A key difference between these class builders is that `collections.namedtuple` and `typing.NamedTuple` build tuple subclasses, therefore the instances are immutable. By default, `@dataclass` produces mutable classes. But the decorator accepts a keyword argument `frozen` to make it immutable

In [22]:
from dataclasses import dataclass

@dataclass(frozen=True)
class Coordinate:
    lat: float
    lon: float
    def __str__(self):
        ns = 'N' if self.lat >= 0 else 'S'
        we = 'E' if self.lon >= 0 else 'W'
        return f'{abs(self.lat):.1f}°{ns}, {abs(self.lon):.1f}°{we}'
    
str(Coordinate(lat=55.756, lon=37.617))


'55.8°N, 37.6°E'

### `collections.namedtuple`
The `collections.namedtuple` function is a factory that builds subclasses of tuple enhanced with field names, a class name, an informative `__repr__`. It also offers useful functionalities such as `__lt__`, `_asdict()`...

In [36]:
from collections import namedtuple

# Two parameters are required to create a named tuple: class name and a list of field names
City = namedtuple('City', ['name', 'country', 'population', 'coordinates'])
tokyo = City('Tokyo', 'JP', 36.933, (35.689722, 139.691667))
tokyo.population

36.933

In [37]:
City._fields

('name', 'country', 'population', 'coordinates')

In [38]:
Coordinate = namedtuple('Coordinate', 'lat lon')
delhi_data = ('Delhi NCR', 'IN', 21.935, Coordinate(28.613889, 77.208889))
delhi = City._make(delhi_data)
delhi._asdict()

{'name': 'Delhi NCR',
 'country': 'IN',
 'population': 21.935,
 'coordinates': Coordinate(lat=28.613889, lon=77.208889)}

In [39]:
import json
json.dumps(delhi._asdict())

'{"name": "Delhi NCR", "country": "IN", "population": 21.935, "coordinates": [28.613889, 77.208889]}'

### `typing.NamedTuple`

In [41]:
from typing import NamedTuple

class Coordinate(NamedTuple):
    # Every instance field of NamedTuple must be annotated with a typ
    lat: float
    lon: float
    reference: str = 'WGS84'

## Type Hints 101

Type hints (type annotations), are ways to declare the expected type of function arguments, return values, variables, and attributes.
- Type hints are not enforced at all by the Python bytecode compiler and interpreter, hence have *no impact on the runtime behavior* of Python programs

In [42]:
import typing

class Coordinate(typing.NamedTuple):
    lat: float
    lon: float

trash = Coordinate('Ni!', None)
trash

Coordinate(lat='Ni!', lon=None)

The type hints are intended primarily to support third-party type checkers, like `Mypy` or the PyCharm IDE built-in type checker. These are *static analysis tools*: they check Python source code “at rest,” not running code.
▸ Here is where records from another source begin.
(* Let $\mathbb{X}$ be a real reflexive Banach space, $\mathbb{Y}$ a real normed linear space, and $0\neq T\in\mathbb{K}(\mathbb{X},\mathbb{Y})$. Then the following are equivalent: (i) $T$ is a smooth point of $\mathbb{K}(\mathbb{X},\mathbb{Y})$. (ii) $M_T=\{\pm x_0\}$ for some $x_0\in S_{\mathbb{X}}$ and $Tx_0$ is a smooth point of $\mathbb{Y}$. (iii) For every $A\in\mathbb{K}(\mathbb{X},\mathbb{Y})$: $T\perp_B A$ if and only if for every semi-inner-product $[\cdot,\cdot]$ on $\mathbb{Y}$ compatible with the norm and every norming sequence $\{x_n\}$ for $T$, every subsequential limit of $\{[Ax_n,Tx_n]\}$ equals $0$.
   Context: All spaces are real. $\mathbb{K}(\mathbb{X},\mathbb{Y})$ is the space of compact linear operators with the operator norm; $S_{\mathbb{X}}$ is the unit sphere; $M_T=\{x\in S_{\mathbb{X}}:\|Tx\|=\|T\|\}$. A nonzero element $x$ of a normed space $\mathbb{Z}$ is smooth if there is a unique $f\in\mathbb{Z}^*$ with $\|f\|=1$ and $f(x)=\|x\|$. $x\perp_B y$ means $\|x+\lambda y\|\ge\|x\|$ for all $\lambda\in\mathbb{R}$. A norming sequence for $T$ is $\{x_n\}\subseteq S_{\mathbb{X}}$ with $\|Tx_n\|\to\|T\|$. A semi-inner-product on $\mathbb{Y}$ is a map $[\cdot,\cdot]:\mathbb{Y}\times\mathbb{Y}\to\mathbb{R}$, linear in the first variable, with $[x,x]>0$ for $x\ne0$, $|[x,y]|^2\le[x,x][y,y]$, $[x,\alpha y]=\alpha[x,y]$; compatible with the norm means $[x,x]=\|x\|^2$. *)

theory Defs
  imports "HOL-Analysis.Analysis"
begin

definition reflexive_space :: "'a::real_normed_vector itself \<Rightarrow> bool" where
  "reflexive_space _ \<longleftrightarrow>
     (\<forall>\<phi> :: ('a \<Rightarrow>\<^sub>L real) \<Rightarrow>\<^sub>L real. \<exists>x::'a. \<forall>f. blinfun_apply \<phi> f = blinfun_apply f x)"

definition compact_ops :: "('a::real_normed_vector \<Rightarrow>\<^sub>L 'b::real_normed_vector) set" where
  "compact_ops = {T. compact (closure (blinfun_apply T ` ball 0 1))}"

definition support_functional_on :: "'z::real_normed_vector set \<Rightarrow> 'z \<Rightarrow> ('z \<Rightarrow> real) \<Rightarrow> bool" where
  "support_functional_on S x f \<longleftrightarrow>
     (\<forall>u\<in>S. \<forall>v\<in>S. f (u + v) = f u + f v) \<and>
     (\<forall>u\<in>S. \<forall>c. f (c *\<^sub>R u) = c * f u) \<and>
     (\<exists>C. \<forall>u\<in>S. \<bar>f u\<bar> \<le> C * norm u) \<and>
     (SUP u\<in>{u\<in>S. norm u = 1}. \<bar>f u\<bar>) = 1 \<and>
     f x = norm x"

definition smooth_point_in :: "'z::real_normed_vector set \<Rightarrow> 'z \<Rightarrow> bool" where
  "smooth_point_in S x \<longleftrightarrow> x \<in> S \<and> x \<noteq> 0 \<and>
     (\<exists>f. support_functional_on S x f) \<and>
     (\<forall>f g. support_functional_on S x f \<longrightarrow> support_functional_on S x g \<longrightarrow> (\<forall>u\<in>S. f u = g u))"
Type hints have no effect at runtime, however, at import time—when a module is loaded—Python does read them to build the `__annotations__` dictionary that `typing.NamedTuple` and `@dataclass` then use to enhance the class.

In [1]:
class DemoPlainClass:
    a: int  # a becomes an entry in __annotations__, but is otherwise discarded: no attribute named a is created in the class.
    b: float = 1.1  # b is saved as an annotation, and also becomes a class attribute with value 1.1
    c = "spam"  # c is just a plain old class attribute, not an annotation

DemoPlainClass.__annotations__

{'a': int, 'b': float}

In [2]:
DemoPlainClass.a

AttributeError: type object 'DemoPlainClass' has no attribute 'a'

In [3]:
print(DemoPlainClass.b)
print(DemoPlainClass.c)

1.1
spam


Note that the `__annotations__` special attribute is created by the interpreter to record the type hints that appear in the source code—even in a plain class.  
*The `a` survives only as an annotation. It doesn’t become a class attribute because no value is bound to it.6 The `b` and `c` are stored as class attributes* because they are bound to values.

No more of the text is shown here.